Scenario: Extracting information from an MDM record in XML - 6.3

Talend Open Studio for Big Data Components Reference Guide

EnrichVersion
6.3
EnrichProdName
Talend Open Studio for Big Data
task
Data Governance
Data Quality and Preparation
Design and Development
EnrichPlatform
Talend Studio

The following scenario describes a simple Job which will extract the information of interest from an MDM record in XML and display it on the console.

Scenario prerequisites

A data container Product and a data model Product are created and deployed to MDM server. The Product and Store data entities are defined and some data records already exist in them.

The entities Product and Store are linked by a foreign key which is the Name of the Store.

This example is designed to obtain the store information for a new product. Therefore, when you create a new Product record, make sure that the Store information is also added for the new Product record.

The entities and their attributes are shown below.
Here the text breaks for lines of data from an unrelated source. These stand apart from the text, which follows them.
lemma rho_layer_Suc_diff_le:
  assumes P_nonneg: "\<And>s a t. 0 \<le> P s a t" and Q_nonneg: "\<And>s a t. 0 \<le> Q s a t"
  defines "\<rho>P \<equiv> rho_layer H layer s0 P pol" and "\<rho>Q \<equiv> rho_layer H layer s0 Q pol"
  shows "\<bar>\<rho>P (Suc h) s - \<rho>Q (Suc h) s\<bar>
    \<le> (\<Sum>s1\<in>{x. layer x = h}. \<Sum>a\<in>UNIV. \<bar>\<rho>P h s1 - \<rho>Q h s1\<bar> * pol s1 a * P s1 a s
                                         + \<rho>Q h s1 * pol s1 a * \<bar>Q s1 a s - P s1 a s\<bar>)"
proof -
  have split: "\<rho>P (Suc h) s - \<rho>Q (Suc h) s
      = (\<Sum>s1\<in>{x. layer x = h}. \<Sum>a\<in>UNIV. (\<rho>P h s1 - \<rho>Q h s1) * pol s1 a * P s1 a s
                                         + \<rho>Q h s1 * pol s1 a * (P s1 a s - Q s1 a s))"
    unfolding \<rho>P_def \<rho>Q_def rho_layer.simps sum_subtractf[symmetric]
    by (intro sum.cong refl) (simp add: algebra_simps)
  have "\<bar>\<rho>P (Suc h) s - \<rho>Q (Suc h) s\<bar> \<le> (\<Sum>s1\<in>{x. layer x = h}. \<Sum>a\<in>UNIV.
      \<bar>(\<rho>P h s1 - \<rho>Q h s1) * pol s1 a * P s1 a s + \<rho>Q h s1 * pol s1 a * (P s1 a s - Q s1 a s)\<bar>)"
    unfolding split by (rule order_trans[OF sum_abs sum_mono], rule sum_abs)
  also have "\<dots> \<le> (\<Sum>s1\<in>{x. layer x = h}. \<Sum>a\<in>UNIV. \<bar>\<rho>P h s1 - \<rho>Q h s1\<bar> * pol s1 a * P s1 a s
                                         + \<rho>Q h s1 * pol s1 a * \<bar>Q s1 a s - P s1 a s\<bar>)"
  proof (intro sum_mono)
    fix s1 a
    have "0 \<le> \<rho>Q h s1" unfolding \<rho>Q_def by (rule rho_layer_nonneg[OF Q_nonneg])
    then show "\<bar>(\<rho>P h s1 - \<rho>Q h s1) * pol s1 a * P s1 a s + \<rho>Q h s1 * pol s1 a * (P s1 a s - Q s1 a s)\<bar>
      \<le> \<bar>\<rho>P h s1 - \<rho>Q h s1\<bar> * pol s1 a * P s1 a s + \<rho>Q h s1 * pol s1 a * \<bar>Q s1 a s - P s1 a s\<bar>"
      using P_nonneg[of s1 a s] pol_nonneg[of s1 a] abs_triangle_ineq[of
        "(\<rho>P h s1 - \<rho>Q h s1) * pol s1 a * P s1 a s" "\<rho>Q h s1 * pol s1 a * (P s1 a s - Q s1 a s)"]
      by (simp add: abs_mult abs_minus_commute)
  qed
  finally show ?thesis .
qed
For more information about MDM working principles, see the MDM part in Talend Studio User Guide.

Dropping and linking the components

  1. Drop the following components from the Palette onto the design workspace: tMDMReceive, and tLogRow.

  2. Connect tMDMReceive to tLogRow using a Row > Main link.

  3. Rename the components to better identify their functions.

Configuring the components

Defining a context variable

  1. From the Contexts tab, click the [+] button to add one variable and name it exchangeMessage.

  2. Fill in the variable value in the Value field.

    Note that the XML record must conform to a particular schema. For more information about the schema, see the description of processes and schemas used in MDM processes to call Jobs in Talend Studio User Guide.

    One sample of XML record from the Update Report is as follows:

    <exchange xmlns:mdm="java:com.amalto.core.plugin.base.xslt.MdmExtension">
    <report>
    <Update>
    <UserName>administrator</UserName>
    <Source>genericUI</Source>
    <TimeInMillis>1381486872930</TimeInMillis>
    <OperationType>ACTION</OperationType>
    <RevisionID>null</RevisionID>
    <DataCluster>Product</DataCluster>
    <DataModel>Product</DataModel>
    <Concept>Product</Concept>
    <Key>2</Key>
    </Update>
    </report>
    <item><Product><Id>001</Id><Name>Computer</Name><Description>Laptop series</Description><Availability>true</Availability><Price>400</Price><OnlineStore>TalendShop@@http://www.cafepress.com/Talend.2</OnlineStore><Stores><Store>[Dell]</Store><Store>[Lenovo]</Store></Stores></Product></item>
    </exchange>

    In this example, the XML record is trimmed like this:

    <exchange><report/><item><Product><Id>001</Id><Name>Computer</Name><Description>Laptop series</Description><Availability>true</Availability><Price>400</Price><OnlineStore>TalendShop@@http://www.cafepress.com/Talend.2</OnlineStore><Stores><Store>[Dell]</Store><Store>[Lenovo]</Store></Stores></Product></item></exchange>
  3. Press Ctrl+S to save your changes.

Configuring tMDMReceive and tLogRow

  1. Double-click the tMDMReceive component to open its Basic settings view in theComponent tab.

  2. Click the [...] button next to Edit schema to define the desired data structure. In this example, three columns are added: Product_ID, Product_Name, and Store_Name.

  3. In the XML Record field, fill in the context variable context.exchangeMessage.

  4. From the XPath Prefix list, select "/exchange/item".

  5. In the Loop XPath query field, type in the name of the XML tree root tag. In this example, type in "/Product/Stores/Store".

  6. The Column column in the Mapping table is populated with the columns defined in the schema. In the XPath query column, enter the XPath query accordingly. In this example, the information of product ID, product name and store name will be extracted.

  7. Double-click the tLogRow component to open its Basic settings view in the Component tab.

  8. Select Table (print values in cells of a table) in the Mode area.

Saving and executing the Job

  1. Press Ctrl+S to save your Job.

  2. Execute the Job by pressing F6 or clicking Run on the Run tab.

    The product information of interest extracted from the XML record is displayed on the console.